(Stored data entries)
|---|

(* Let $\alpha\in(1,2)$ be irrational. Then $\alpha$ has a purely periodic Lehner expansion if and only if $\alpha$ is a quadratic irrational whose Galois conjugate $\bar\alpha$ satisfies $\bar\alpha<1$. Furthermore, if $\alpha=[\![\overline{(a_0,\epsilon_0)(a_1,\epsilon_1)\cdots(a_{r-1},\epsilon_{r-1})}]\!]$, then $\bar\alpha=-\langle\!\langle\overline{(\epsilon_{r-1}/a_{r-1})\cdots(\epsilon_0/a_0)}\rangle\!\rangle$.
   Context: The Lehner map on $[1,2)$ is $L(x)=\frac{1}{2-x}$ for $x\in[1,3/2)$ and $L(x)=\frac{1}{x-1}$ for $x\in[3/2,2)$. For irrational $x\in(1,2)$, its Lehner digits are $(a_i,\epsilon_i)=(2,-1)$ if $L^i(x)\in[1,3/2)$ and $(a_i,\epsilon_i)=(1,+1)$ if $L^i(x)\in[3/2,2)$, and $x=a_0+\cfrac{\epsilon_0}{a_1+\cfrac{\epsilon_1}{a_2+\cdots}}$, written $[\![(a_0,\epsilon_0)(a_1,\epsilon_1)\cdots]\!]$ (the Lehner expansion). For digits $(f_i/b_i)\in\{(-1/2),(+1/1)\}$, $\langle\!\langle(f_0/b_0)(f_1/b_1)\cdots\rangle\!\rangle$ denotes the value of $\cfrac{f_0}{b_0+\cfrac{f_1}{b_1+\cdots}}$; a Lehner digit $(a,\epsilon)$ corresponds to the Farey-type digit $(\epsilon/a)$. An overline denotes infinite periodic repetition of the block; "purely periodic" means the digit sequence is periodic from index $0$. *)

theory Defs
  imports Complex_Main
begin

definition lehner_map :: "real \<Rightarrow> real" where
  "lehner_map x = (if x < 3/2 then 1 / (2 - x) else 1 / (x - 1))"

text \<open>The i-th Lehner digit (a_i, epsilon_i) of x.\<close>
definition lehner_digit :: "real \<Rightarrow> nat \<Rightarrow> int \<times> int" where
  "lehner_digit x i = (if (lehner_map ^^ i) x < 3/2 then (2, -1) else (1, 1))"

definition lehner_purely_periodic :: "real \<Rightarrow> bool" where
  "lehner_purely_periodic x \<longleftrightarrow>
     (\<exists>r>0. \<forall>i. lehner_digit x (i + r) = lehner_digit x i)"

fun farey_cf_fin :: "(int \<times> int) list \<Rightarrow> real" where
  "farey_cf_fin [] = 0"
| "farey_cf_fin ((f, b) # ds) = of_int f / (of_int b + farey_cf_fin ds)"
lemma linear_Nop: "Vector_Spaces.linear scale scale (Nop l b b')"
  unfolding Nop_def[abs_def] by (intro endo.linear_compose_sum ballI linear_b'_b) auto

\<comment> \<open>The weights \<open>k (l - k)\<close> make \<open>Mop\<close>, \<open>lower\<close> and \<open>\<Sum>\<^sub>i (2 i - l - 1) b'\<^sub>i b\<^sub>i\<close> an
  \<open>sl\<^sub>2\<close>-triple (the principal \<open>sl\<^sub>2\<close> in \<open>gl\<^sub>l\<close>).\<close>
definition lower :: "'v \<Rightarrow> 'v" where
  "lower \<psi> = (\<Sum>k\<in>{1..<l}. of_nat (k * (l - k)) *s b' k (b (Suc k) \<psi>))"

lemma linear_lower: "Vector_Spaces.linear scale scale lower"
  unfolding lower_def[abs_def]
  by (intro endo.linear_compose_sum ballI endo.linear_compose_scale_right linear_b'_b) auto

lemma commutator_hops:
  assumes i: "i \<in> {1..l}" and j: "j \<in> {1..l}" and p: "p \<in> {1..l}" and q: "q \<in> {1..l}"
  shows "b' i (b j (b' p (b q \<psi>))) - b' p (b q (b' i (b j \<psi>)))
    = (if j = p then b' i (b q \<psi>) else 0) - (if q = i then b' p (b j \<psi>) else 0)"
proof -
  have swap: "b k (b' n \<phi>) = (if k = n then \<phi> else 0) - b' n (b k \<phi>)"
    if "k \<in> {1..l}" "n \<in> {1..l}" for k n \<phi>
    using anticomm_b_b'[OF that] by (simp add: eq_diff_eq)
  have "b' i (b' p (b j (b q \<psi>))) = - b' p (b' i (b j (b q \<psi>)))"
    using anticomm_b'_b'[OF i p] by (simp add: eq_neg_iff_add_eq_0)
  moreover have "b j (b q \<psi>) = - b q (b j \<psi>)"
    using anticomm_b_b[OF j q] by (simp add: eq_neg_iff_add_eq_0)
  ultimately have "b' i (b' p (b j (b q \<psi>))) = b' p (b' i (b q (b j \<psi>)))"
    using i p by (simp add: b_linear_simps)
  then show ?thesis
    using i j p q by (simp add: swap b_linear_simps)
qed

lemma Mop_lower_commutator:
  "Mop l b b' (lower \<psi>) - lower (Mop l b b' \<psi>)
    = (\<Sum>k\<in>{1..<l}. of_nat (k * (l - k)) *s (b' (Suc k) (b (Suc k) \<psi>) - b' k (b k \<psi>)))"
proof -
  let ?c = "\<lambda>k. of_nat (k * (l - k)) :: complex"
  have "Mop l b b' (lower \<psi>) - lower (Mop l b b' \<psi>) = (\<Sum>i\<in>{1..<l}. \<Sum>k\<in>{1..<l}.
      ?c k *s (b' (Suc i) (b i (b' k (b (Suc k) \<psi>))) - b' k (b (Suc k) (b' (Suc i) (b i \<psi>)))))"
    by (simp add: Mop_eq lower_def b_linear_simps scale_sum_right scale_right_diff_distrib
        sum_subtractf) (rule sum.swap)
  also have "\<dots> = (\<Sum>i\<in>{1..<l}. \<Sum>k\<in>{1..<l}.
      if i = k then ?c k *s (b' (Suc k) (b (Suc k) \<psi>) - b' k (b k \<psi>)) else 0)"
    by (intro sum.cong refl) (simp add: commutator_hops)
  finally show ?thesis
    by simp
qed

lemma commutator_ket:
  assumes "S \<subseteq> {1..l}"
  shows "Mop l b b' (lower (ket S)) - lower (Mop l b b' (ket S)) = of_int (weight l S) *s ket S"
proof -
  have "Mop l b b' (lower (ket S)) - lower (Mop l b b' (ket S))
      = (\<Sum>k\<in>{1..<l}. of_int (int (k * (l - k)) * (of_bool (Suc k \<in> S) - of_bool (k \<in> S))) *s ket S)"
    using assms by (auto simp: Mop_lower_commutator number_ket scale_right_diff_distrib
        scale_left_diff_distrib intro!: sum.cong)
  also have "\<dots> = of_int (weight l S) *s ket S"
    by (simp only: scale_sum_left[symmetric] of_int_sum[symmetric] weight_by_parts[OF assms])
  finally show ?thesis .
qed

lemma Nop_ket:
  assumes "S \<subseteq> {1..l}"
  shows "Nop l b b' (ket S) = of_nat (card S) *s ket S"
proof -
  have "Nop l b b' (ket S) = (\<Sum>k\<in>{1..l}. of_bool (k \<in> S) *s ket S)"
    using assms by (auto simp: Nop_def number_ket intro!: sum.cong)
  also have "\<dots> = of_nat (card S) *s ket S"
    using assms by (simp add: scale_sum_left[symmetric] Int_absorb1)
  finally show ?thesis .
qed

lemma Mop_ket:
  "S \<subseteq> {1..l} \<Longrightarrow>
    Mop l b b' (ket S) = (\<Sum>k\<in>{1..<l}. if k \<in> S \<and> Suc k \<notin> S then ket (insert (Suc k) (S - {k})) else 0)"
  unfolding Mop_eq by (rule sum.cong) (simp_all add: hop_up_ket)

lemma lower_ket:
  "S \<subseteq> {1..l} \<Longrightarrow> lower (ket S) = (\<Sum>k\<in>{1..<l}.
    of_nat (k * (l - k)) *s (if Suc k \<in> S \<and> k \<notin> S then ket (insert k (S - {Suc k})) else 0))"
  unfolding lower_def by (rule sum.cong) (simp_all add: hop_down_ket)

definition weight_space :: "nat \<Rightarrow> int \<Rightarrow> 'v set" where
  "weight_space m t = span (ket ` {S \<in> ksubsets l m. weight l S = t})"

|---|

The answer is the run of lines above from the line containing "using i p by (simp add: b_linear_simps)" through the line containing "using assms by (simp", copied exactly and alone.

    using i p by (simp add: b_linear_simps)
  then show ?thesis
    using i j p q by (simp add: swap b_linear_simps)
qed

lemma Mop_lower_commutator:
  "Mop l b b' (lower \<psi>) - lower (Mop l b b' \<psi>)
    = (\<Sum>k\<in>{1..<l}. of_nat (k * (l - k)) *s (b' (Suc k) (b (Suc k) \<psi>) - b' k (b k \<psi>)))"
proof -
  let ?c = "\<lambda>k. of_nat (k * (l - k)) :: complex"
  have "Mop l b b' (lower \<psi>) - lower (Mop l b b' \<psi>) = (\<Sum>i\<in>{1..<l}. \<Sum>k\<in>{1..<l}.
      ?c k *s (b' (Suc i) (b i (b' k (b (Suc k) \<psi>))) - b' k (b (Suc k) (b' (Suc i) (b i \<psi>)))))"
    by (simp add: Mop_eq lower_def b_linear_simps scale_sum_right scale_right_diff_distrib
        sum_subtractf) (rule sum.swap)
  also have "\<dots> = (\<Sum>i\<in>{1..<l}. \<Sum>k\<in>{1..<l}.
      if i = k then ?c k *s (b' (Suc k) (b (Suc k) \<psi>) - b' k (b k \<psi>)) else 0)"
    by (intro sum.cong refl) (simp add: commutator_hops)
  finally show ?thesis
    by simp
qed

lemma commutator_ket:
  assumes "S \<subseteq> {1..l}"
  shows "Mop l b b' (lower (ket S)) - lower (Mop l b b' (ket S)) = of_int (weight l S) *s ket S"
proof -
  have "Mop l b b' (lower (ket S)) - lower (Mop l b b' (ket S))
      = (\<Sum>k\<in>{1..<l}. of_int (int (k * (l - k)) * (of_bool (Suc k \<in> S) - of_bool (k \<in> S))) *s ket S)"
    using assms by (auto simp: Mop_lower_commutator number_ket scale_right_diff_distrib
        scale_left_diff_distrib intro!: sum.cong)
  also have "\<dots> = of_int (weight l S) *s ket S"
    by (simp only: scale_sum_left[symmetric] of_int_sum[symmetric] weight_by_parts[OF assms])
  finally show ?thesis .
qed

lemma Nop_ket:
  assumes "S \<subseteq> {1..l}"
  shows "Nop l b b' (ket S) = of_nat (card S) *s ket S"
proof -
  have "Nop l b b' (ket S) = (\<Sum>k\<in>{1..l}. of_bool (k \<in> S) *s ket S)"
    using assms by (auto simp: Nop_def number_ket intro!: sum.cong)
  also have "\<dots> = of_nat (card S) *s ket S"
    using assms by (simp add: scale_sum_left[symmetric] Int_absorb1)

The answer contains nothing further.